Другой пример — из «Этики» Аристотеля. Речь идет о тех, которые утверждают, что для ευδαιμονία[206] так называемые внешние блага совершенно не нужны и что можно быть счастливым в фаларийском быке. И тут Аристотель заявляет: тот, кто такое утверждает, вольно или невольно говорит вздор (η εκόντες η ακοντες ουδεν λέγουσιν) (Eth. N. 1153b 21).
Как известно, многие фи лософы древности и до, и после Аристотеля не только утверждали, что можно и в фаларийском быке быть счастливым, но такое утверждение делали краеугольным камнем своей этики. Даже Эпикур, которому, казалось бы, совсем не к лицу дразнить человеческий разум, не остановился пред этим «парадоксом». Аристотель Эпикуру, как и Гераклиту, мог не возразить, а ответить лишь: болтаешь вздор (ουδεν λέγεις).

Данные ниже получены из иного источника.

lemma minkowski_sum_singleton [simp]: "minkowski_sum {k} A = A k"
proof
  show "minkowski_sum {k} A \<subseteq> A k" by (auto simp: minkowski_sum_def PiE_iff)
  show "A k \<subseteq> minkowski_sum {k} A"
  proof
    fix a assume "a \<in> A k"
    then have "(\<lambda>i. if i = k then a else undefined) \<in> (\<Pi>\<^sub>E i\<in>{k}. A i)"
      by (auto simp: PiE_iff extensional_def)
    then show "a \<in> minkowski_sum {k} A"
      unfolding minkowski_sum_def by (rule rev_image_eqI) simp
  qed
qed

lemma minkowski_sum_translate:
  assumes J: "finite J" and K: "K \<subseteq> J" and single: "\<And>i. i \<in> J - K \<Longrightarrow> A i = {c i}"
  shows "minkowski_sum J A = (+) (\<Sum>i\<in>J - K. c i) ` minkowski_sum K A"
proof -
  have split: "(\<Sum>i\<in>J. x i) = (\<Sum>i\<in>J - K. x i) + (\<Sum>i\<in>K. x i)" for x :: "'a \<Rightarrow> 'b"
    by (rule sum.subset_diff[OF K J])
  show ?thesis
  proof
    show "minkowski_sum J A \<subseteq> (+) (\<Sum>i\<in>J - K. c i) ` minkowski_sum K A"
    proof
      fix b assume "b \<in> minkowski_sum J A"
      then obtain x where x: "x \<in> (\<Pi>\<^sub>E i\<in>J. A i)" and b: "b = (\<Sum>i\<in>J. x i)"
        unfolding minkowski_sum_def by blast
      have outside: "(\<Sum>i\<in>J - K. x i) = (\<Sum>i\<in>J - K. c i)"
        using x single by (intro sum.cong) (auto simp: PiE_iff)
      have "(\<Sum>i\<in>K. x i) \<in> minkowski_sum K A"
        unfolding minkowski_sum_def using x K
        by (intro image_eqI[where x = "restrict x K"]) (auto simp: PiE_iff)
      then show "b \<in> (+) (\<Sum>i\<in>J - K. c i) ` minkowski_sum K A"
        unfolding b split outside by (rule imageI)
    qed
  next
    show "(+) (\<Sum>i\<in>J - K. c i) ` minkowski_sum K A \<subseteq> minkowski_sum J A"
    proof clarify
      fix b assume "b \<in> minkowski_sum K A"
      then obtain x where x: "x \<in> (\<Pi>\<^sub>E i\<in>K. A i)" and b: "b = (\<Sum>i\<in>K. x i)"
        unfolding minkowski_sum_def by blast
      define z where "z i = (if i \<in> K then x i else if i \<in> J then c i else undefined)" for i
      have "z \<in> (\<Pi>\<^sub>E i\<in>J. A i)"
        using x K single unfolding z_def by (auto simp: PiE_iff extensional_def)
      moreover have "(\<Sum>i\<in>J. z i) = (\<Sum>i\<in>J - K. c i) + b"
        unfolding split b by (intro arg_cong2[where f="(+)"] sum.cong) (auto simp: z_def)
      ultimately show "(\<Sum>i\<in>J - K. c i) + b \<in> minkowski_sum J A"
        unfolding minkowski_sum_def by (metis image_eqI)
    qed
  qed
qed

locale trop_product =
  fixes F :: "nat \<Rightarrow> 'm::finite trop" and J :: "nat set"
  assumes finite_index: "finite J"
    and finite_factor: "\<And>i. i \<in> J \<Longrightarrow> finite (fst (F i))"
    and factor_nonempty: "\<And>i. i \<in> J \<Longrightarrow> fst (F i) \<noteq> {}"
begin

lemma fst_tprod: "fst (tprod F J) = minkowski_sum J (\<lambda>i. fst (F i))"
  by (simp add: tprod_def minkowski_sum_def)

lemma snd_tprod: "snd (tprod F J) b =
    Max ((\<lambda>x. \<Sum>i\<in>J. snd (F i) (x i)) ` {x \<in> (\<Pi>\<^sub>E i\<in>J. fst (F i)). (\<Sum>i\<in>J. x i) = b})"
  by (simp add: tprod_def)

lemma finite_exponent_choices: "finite (\<Pi>\<^sub>E i\<in>J. fst (F i))"
  using finite_index finite_factor by (intro finite_PiE) auto

lemma finite_tprod: "finite (fst (tprod F J))"
  unfolding fst_tprod minkowski_sum_def using finite_exponent_choices by simp

lemma tprod_nonempty: "fst (tprod F J) \<noteq> {}"
  unfolding fst_tprod minkowski_sum_def using factor_nonempty by (simp add: PiE_eq_empty_iff)

lemma coeff_tprod_ge:
  assumes "x \<in> (\<Pi>\<^sub>E i\<in>J. fst (F i))"
  shows "(\<Sum>i\<in>J. snd (F i) (x i)) \<le> snd (tprod F J) (\<Sum>i\<in>J. x i)"
  unfolding snd_tprod using assms finite_exponent_choices by (intro Max_ge) auto

lemma coeff_tprod_attained:
  assumes "b \<in> fst (tprod F J)"
  obtains x where "x \<in> (\<Pi>\<^sub>E i\<in>J. fst (F i))" "(\<Sum>i\<in>J. x i) = b"
    "snd (tprod F J) b = (\<Sum>i\<in>J. snd (F i) (x i))"
proof -
  have "snd (tprod F J) b \<in>
      (\<lambda>x. \<Sum>i\<in>J. snd (F i) (x i)) ` {x \<in> (\<Pi>\<^sub>E i\<in>J. fst (F i)). (\<Sum>i\<in>J. x i) = b}"
    unfolding snd_tprod using assms finite_exponent_choices
    by (intro Max_in) (auto simp: fst_tprod minkowski_sum_def)
  with that show ?thesis by blast
qed

lemma monomial_value_sum:
  "(\<Sum>i\<in>J. snd (F i) (x i)) + (\<Sum>i\<in>J. x i) \<bullet> y = (\<Sum>i\<in>J. snd (F i) (x i) + x i \<bullet> y)"
  by (simp add: inner_sum_left sum.distrib)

Спрашивается: можно ли отделаться от Гераклита и Эпикура аристотелевским ответом? Между прочим, Эпикур проявляет не меньшую парадоксальность еще в одном случае. Он ведь «допускал», что атомы — правда, только один раз очень давно и то чуть-чуть — отклонились в своем движении от естественного направления. Если бы такое «допущение» привести на суд Аристотеля, что бы он сказал? Ведь доказательств опять не нашлось бы. Никого при том не было, когда в бесконечно отдаленном прошлом атомы разрешили себе своевольно уклониться от общих законов движения. Аристотелю оставалось бы, значит, снова обратиться к своему "болтают вздор", т. е. рассердиться и выбраниться. И ведь ему довольно часто приходилось прибегать к такой «аргументации». О самом Платоне он писал (и не раз. Met. 991а 21 и др.) — "пустые разговоры и поэтические метафоры" (κενολογειν εστι και μεταφορας λέγειν ποιητικάς). Или, когда ему очень надоедали возражениями, он заявлял (Met. 1006а 6): "не знать, когда можно и когда нельзя требовать доказательств, — есть признак невоспитанности" (απαιδευσία). Я думаю, что, если бы лишить Аристотеля права так аргументировать — его философия потеряла бы в значительной степени свою законченность и убедительность. Если, скажем, допустить, что фаларийского быка никак нельзя обходить, когда строишь этику, или что нельзя просто отмахнуться от Гераклитовых сомнений в суверенных правах закона противоречия, когда строишь теорию познания? Или что идея середины, выношенная и взлелеянная Аристотелем, идея, которой он, точно китайской стеной, обвел мироздание, — вовсе не так уже соблазнительна и прекрасна, чтоб зачаровать всякого, кто на нее взглянет?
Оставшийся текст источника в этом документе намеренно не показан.